| What to work on |
Render every entry verbatim.

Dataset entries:
lemma tranclp_simI_transfer:
  assumes "(\<lambda>I1 I2. \<exists>i\<in>\<Gamma>. simI IS i I1 I2)\<^sup>+\<^sup>+ I J" "is_interval IS I'" "gI I = gI I'"
  shows "(\<lambda>I1 I2. \<exists>i\<in>\<Gamma>. simI IS i I1 I2)\<^sup>+\<^sup>+ I' J"
proof (rule converse_tranclpE[OF assms(1)])
  assume "\<exists>i\<in>\<Gamma>. simI IS i I J"
  then show ?thesis using simI_transfer[OF _ assms(2,3)] by blast
next
  fix K assume "\<exists>i\<in>\<Gamma>. simI IS i I K" and K: "(\<lambda>I1 I2. \<exists>i\<in>\<Gamma>. simI IS i I1 I2)\<^sup>+\<^sup>+ K J"
  then have "\<exists>i\<in>\<Gamma>. simI IS i I' K" using simI_transfer[OF _ assms(2,3)] by blast
  then show ?thesis using K by (rule tranclp_into_tranclp2)
qed

lemma Rel_A_transfer:
  assumes "Rel IS MA I J" "is_interval IS I'" "last (last I) = last (last I')"
  shows "\<exists>J'. Rel IS MA I' J' \<and> gI J' = gI J"
proof -
  let ?s = "last I" and ?s' = "last I'"
  have I: "is_interval IS I" "is_interval IS J" "hd J = ?s" using assms(1) by auto
  then have s: "is_state IS ?s" "?s \<noteq> []" unfolding is_interval_def is_state_def by auto
  have s': "is_state IS ?s'" using assms(2) unfolding is_interval_def by auto
  have "\<forall>t\<in>set J. prefix ?s t" using is_interval_prefix I by metis
  note J' = is_interval_rebase[OF s' assms(3) I(2) this s(2)]
  have "hd (map (rebase ?s ?s') J) = ?s'"
    using I unfolding is_interval_def by (simp add: hd_map)
  with J' assms(2) show ?thesis by auto
qed

lemma Rel_N_transfer:
  assumes "Rel IS MN I J" "is_interval IS I'" "last (last I) = last (last I')"
  shows "\<exists>J'. Rel IS MN I' J' \<and> gI J' = gI J"
proof -
  let ?s = "last I" and ?s' = "last I'"
  have I: "is_interval IS I" "is_interval IS J" "tM IS ?s (hd J)" using assms(1) by auto
  then have s: "is_state IS ?s" "?s \<noteq> []" unfolding is_interval_def is_state_def by auto
  have s': "is_state IS ?s'" using assms(2) unfolding is_interval_def by auto
  have "\<forall>t\<in>set J. prefix ?s t"
    using is_interval_prefix[OF I(2)] tM_prefix[OF I(3)] prefix_order.trans by blast
  note J' = is_interval_rebase[OF s' assms(3) I(2) this s(2)]
  have "tM IS ?s' (hd (map (rebase ?s ?s') J))"
    using tM_rebase_from[OF s' assms(3) I(3) s(2)] I(2) unfolding is_interval_def by (simp add: hd_map)
  with J' assms(2) show ?thesis by auto
qed

lemma Rel_Bbar_transfer:
  assumes "Rel IS MBbar I J" "is_interval IS I'" "gI I = gI I'"
  shows "\<exists>J'. Rel IS MBbar I' J' \<and> gI J' = gI J"
proof -
  obtain I1 where I: "is_interval IS I" "is_interval IS I1" "J = I @ I1"
    using assms(1) by auto
  have "is_interval IS (I @ I1)" using assms(1) I(3) by simp
  then have "tM IS (last I) (hd I1)"
    using I unfolding is_interval_iff_successively by (auto simp: successively_append_iff)
  with I have "Rel IS MN I I1" by simp
  moreover have "last (last I) = last (last I')"
    using I(1) assms(3) unfolding is_interval_def by (simp add: gI_eq_last_last)
  ultimately obtain I1' where I1': "Rel IS MN I' I1'" "gI I1' = gI I1"
    using Rel_N_transfer assms(2) by blast
  then have "is_interval IS (I' @ I1')"
    using is_interval_append assms(2) by auto
  with I1' I assms(2,3) show ?thesis
    by (intro exI[of _ "I' @ I1'"]) (auto simp: gI_def)
qed

lemma Rel_transfer:
  assumes "Rel IS X I J" "is_interval IS I'" "gI I = gI I'"
  shows "\<exists>J'. Rel IS X I' J' \<and> gI J' = gI J"
proof -
  have "I \<noteq> []" using assms(1) by (cases X) (auto simp: is_interval_def simI_def)
  then have last_eq: "last (last I) = last (last I')" using assms(3) by (rule gI_eq_last_last[rotated])
  show ?thesis
  proof (cases X)
    case (MK i)
    then show ?thesis using assms simI_transfer by (intro exI[of _ J]) auto
  next
    case (MC \<Gamma>)
    then show ?thesis using assms tranclp_simI_transfer by (intro exI[of _ J]) auto
  next
    case MA
    then show ?thesis using assms Rel_A_transfer last_eq by blast
  next
    case MBbar
    then show ?thesis using assms Rel_Bbar_transfer by blast
  next
    case MN
    then show ?thesis using assms Rel_N_transfer last_eq by blast
  qed
qed

lemma mct_root_eq_if_gI_eq:
  assumes "is_interval IS I" "gI I = gI I'"
  shows "mct_root Aut I = mct_root Aut I'"
proof -
  have "I \<noteq> []" using assms(1) unfolding is_interval_def by simp
  with assms(2) show ?thesis
    unfolding mct_root_def autI_def
    using gI_eq_length[OF assms(2)] gI_eq_last_hd[OF assms(2)] gI_eq_last_last[OF assms(2)] by simp
qed

lemma mct_eq_if_gI_eq:
  "is_interval IS I \<Longrightarrow> is_interval IS I' \<Longrightarrow> gI I = gI I' \<Longrightarrow> mct_eq IS Aut \<phi> I I'"
proof (induction "size \<phi>" arbitrary: \<phi> I I' rule: less_induct)
  case less
  have subtrees:
    "Rel IS X I J \<Longrightarrow> \<exists>J'. Rel IS X I' J' \<and> mct_eq IS Aut \<psi> J J'"
    "Rel IS X I' J \<Longrightarrow> \<exists>J'. Rel IS X I J' \<and> mct_eq IS Aut \<psi> J' J"
    if "(X, \<psi>) \<in> toplevel \<phi>" for X \<psi> J
  proof -
    have IH: "is_interval IS K \<Longrightarrow> is_interval IS K' \<Longrightarrow> gI K = gI K' \<Longrightarrow> mct_eq IS Aut \<psi> K K'"
      for K K' using less.hyps[OF toplevel_smaller[OF that]] .
    show "\<exists>J'. Rel IS X I' J' \<and> mct_eq IS Aut \<psi> J J'" if J: "Rel IS X I J"
    proof -
      obtain J' where "Rel IS X I' J'" "gI J' = gI J" using Rel_transfer[OF J less.prems(2,3)] by blast
      with J show ?thesis using IH Rel_is_interval by metis
    qed
    show "\<exists>J'. Rel IS X I J' \<and> mct_eq IS Aut \<psi> J' J" if J: "Rel IS X I' J"
    proof -
      obtain J' where "Rel IS X I J'" "gI J' = gI J"
        using Rel_transfer[OF J less.prems(1) less.prems(3)[symmetric]] by blast
      with J show ?thesis using IH Rel_is_interval by metis
    qed
  qed
  show ?case
    using mct_root_eq_if_gI_eq[OF less.prems(1,3)] subtrees by (subst mct_eq.simps) blast
qed

theorem mainTheorem9:
  fixes IS :: "('l, 'act, 'v) isrl"
    and Aut :: "'v \<Rightarrow> ('q, 'l list) dfa"
    and \<phi> :: "'v form"
    and I I' :: "'l list list list"
  assumes "wf_isrl IS"
    and "\<forall>p. minimal_complete_dfa (Gset IS) (lang (lab IS p)) (Aut p)"
    and "agents_form \<phi> \<subseteq> {0..nag IS}"
    and "is_interval IS I" and "is_interval IS I'"
    and "gI I = gI I'"
  shows "mct_eq IS Aut \<phi> I I'"
  using mct_eq_if_gI_eq assms(4-6) .

end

| Exercise solution |
lemma tranclp_simI_transfer:
  assumes "(\<lambda>I1 I2. \<exists>i\<in>\<Gamma>. simI IS i I1 I2)\<^sup>+\<^sup>+ I J" "is_interval IS I'" "gI I = gI I'"
  shows "(\<lambda>I1 I2. \<exists>i\<in>\<Gamma>. simI IS i I1 I2)\<^sup>+\<^sup>+ I' J"
proof (rule converse_tranclpE[OF assms(1)])
  assume "\<exists>i\<in>\<Gamma>. simI IS i I J"
  then show ?thesis using simI_transfer[OF _ assms(2,3)] by blast
next
  fix K assume "\<exists>i\<in>\<Gamma>. simI IS i I K" and K: "(\<lambda>I1 I2. \<exists>i\<in>\<Gamma>. simI IS i I1 I2)\<^sup>+\<^sup>+ K J"
  then have "\<exists>i\<in>\<Gamma>. simI IS i I' K" using simI_transfer[OF _ assms(2,3)] by blast
  then show ?thesis using K by (rule tranclp_into_tranclp2)
qed

lemma Rel_A_transfer:
  assumes "Rel IS MA I J" "is_interval IS I'" "last (last I) = last (last I')"
  shows "\<exists>J'. Rel IS MA I' J' \<and> gI J' = gI J"
proof -
  let ?s = "last I" and ?s' = "last I'"
  have I: "is_interval IS I" "is_interval IS J" "hd J = ?s" using assms(1) by auto
  then have s: "is_state IS ?s" "?s \<noteq> []" unfolding is_interval_def is_state_def by auto
  have s': "is_state IS ?s'" using assms(2) unfolding is_interval_def by auto
  have "\<forall>t\<in>set J. prefix ?s t" using is_interval_prefix I by metis
  note J' = is_interval_rebase[OF s' assms(3) I(2) this s(2)]
  have "hd (map (rebase ?s ?s') J) = ?s'"
    using I unfolding is_interval_def by (simp add: hd_map)
  with J' assms(2) show ?thesis by auto
qed

lemma Rel_N_transfer:
  assumes "Rel IS MN I J" "is_interval IS I'" "last (last I) = last (last I')"
  shows "\<exists>J'. Rel IS MN I' J' \<and> gI J' = gI J"
proof -
  let ?s = "last I" and ?s' = "last I'"
  have I: "is_interval IS I" "is_interval IS J" "tM IS ?s (hd J)" using assms(1) by auto
  then have s: "is_state IS ?s" "?s \<noteq> []" unfolding is_interval_def is_state_def by auto
  have s': "is_state IS ?s'" using assms(2) unfolding is_interval_def by auto
  have "\<forall>t\<in>set J. prefix ?s t"
    using is_interval_prefix[OF I(2)] tM_prefix[OF I(3)] prefix_order.trans by blast
  note J' = is_interval_rebase[OF s' assms(3) I(2) this s(2)]
  have "tM IS ?s' (hd (map (rebase ?s ?s') J))"
    using tM_rebase_from[OF s' assms(3) I(3) s(2)] I(2) unfolding is_interval_def by (simp add: hd_map)
  with J' assms(2) show ?thesis by auto
qed

lemma Rel_Bbar_transfer:
  assumes "Rel IS MBbar I J" "is_interval IS I'" "gI I = gI I'"
  shows "\<exists>J'. Rel IS MBbar I' J' \<and> gI J' = gI J"
proof -
  obtain I1 where I: "is_interval IS I" "is_interval IS I1" "J = I @ I1"
    using assms(1) by auto
  have "is_interval IS (I @ I1)" using assms(1) I(3) by simp
  then have "tM IS (last I) (hd I1)"
    using I unfolding is_interval_iff_successively by (auto simp: successively_append_iff)
  with I have "Rel IS MN I I1" by simp
  moreover have "last (last I) = last (last I')"
    using I(1) assms(3) unfolding is_interval_def by (simp add: gI_eq_last_last)
  ultimately obtain I1' where I1': "Rel IS MN I' I1'" "gI I1' = gI I1"
    using Rel_N_transfer assms(2) by blast
  then have "is_interval IS (I' @ I1')"
    using is_interval_append assms(2) by auto
  with I1' I assms(2,3) show ?thesis
    by (intro exI[of _ "I' @ I1'"]) (auto simp: gI_def)
qed

lemma Rel_transfer:
  assumes "Rel IS X I J" "is_interval IS I'" "gI I = gI I'"
  shows "\<exists>J'. Rel IS X I' J' \<and> gI J' = gI J"
proof -
  have "I \<noteq> []" using assms(1) by (cases X) (auto simp: is_interval_def simI_def)
  then have last_eq: "last (last I) = last (last I')" using assms(3) by (rule gI_eq_last_last[rotated])
  show ?thesis
  proof (cases X)
    case (MK i)
    then show ?thesis using assms simI_transfer by (intro exI[of _ J]) auto
  next
    case (MC \<Gamma>)
    then show ?thesis using assms tranclp_simI_transfer by (intro exI[of _ J]) auto
  next
    case MA
    then show ?thesis using assms Rel_A_transfer last_eq by blast
  next
    case MBbar
    then show ?thesis using assms Rel_Bbar_transfer by blast
  next
    case MN
    then show ?thesis using assms Rel_N_transfer last_eq by blast
  qed
qed

lemma mct_root_eq_if_gI_eq:
  assumes "is_interval IS I" "gI I = gI I'"
  shows "mct_root Aut I = mct_root Aut I'"
proof -
  have "I \<noteq> []" using assms(1) unfolding is_interval_def by simp
  with assms(2) show ?thesis
    unfolding mct_root_def autI_def
    using gI_eq_length[OF assms(2)] gI_eq_last_hd[OF assms(2)] gI_eq_last_last[OF assms(2)] by simp
qed

lemma mct_eq_if_gI_eq:
  "is_interval IS I \<Longrightarrow> is_interval IS I' \<Longrightarrow> gI I = gI I' \<Longrightarrow> mct_eq IS Aut \<phi> I I'"
proof (induction "size \<phi>" arbitrary: \<phi> I I' rule: less_induct)
  case less
  have subtrees:
    "Rel IS X I J \<Longrightarrow> \<exists>J'. Rel IS X I' J' \<and> mct_eq IS Aut \<psi> J J'"
    "Rel IS X I' J \<Longrightarrow> \<exists>J'. Rel IS X I J' \<and> mct_eq IS Aut \<psi> J' J"
    if "(X, \<psi>) \<in> toplevel \<phi>" for X \<psi> J
  proof -
    have IH: "is_interval IS K \<Longrightarrow> is_interval IS K' \<Longrightarrow> gI K = gI K' \<Longrightarrow> mct_eq IS Aut \<psi> K K'"
      for K K' using less.hyps[OF toplevel_smaller[OF that]] .
    show "\<exists>J'. Rel IS X I' J' \<and> mct_eq IS Aut \<psi> J J'" if J: "Rel IS X I J"
    proof -
      obtain J' where "Rel IS X I' J'" "gI J' = gI J" using Rel_transfer[OF J less.prems(2,3)] by blast
      with J show ?thesis using IH Rel_is_interval by metis
    qed
    show "\<exists>J'. Rel IS X I J' \<and> mct_eq IS Aut \<psi> J' J" if J: "Rel IS X I' J"
    proof -
      obtain J' where "Rel IS X I J'" "gI J' = gI J"
        using Rel_transfer[OF J less.prems(1) less.prems(3)[symmetric]] by blast
      with J show ?thesis using IH Rel_is_interval by metis
    qed
  qed
  show ?case
    using mct_root_eq_if_gI_eq[OF less.prems(1,3)] subtrees by (subst mct_eq.simps) blast
qed

theorem mainTheorem9:
  fixes IS :: "('l, 'act, 'v) isrl"
    and Aut :: "'v \<Rightarrow> ('q, 'l list) dfa"
    and \<phi> :: "'v form"
    and I I' :: "'l list list list"
  assumes "wf_isrl IS"
    and "\<forall>p. minimal_complete_dfa (Gset IS) (lang (lab IS p)) (Aut p)"
    and "agents_form \<phi> \<subseteq> {0..nag IS}"
    and "is_interval IS I" and "is_interval IS I'"
    and "gI I = gI I'"
  shows "mct_eq IS Aut \<phi> I I'"
  using mct_eq_if_gI_eq assms(4-6) .

end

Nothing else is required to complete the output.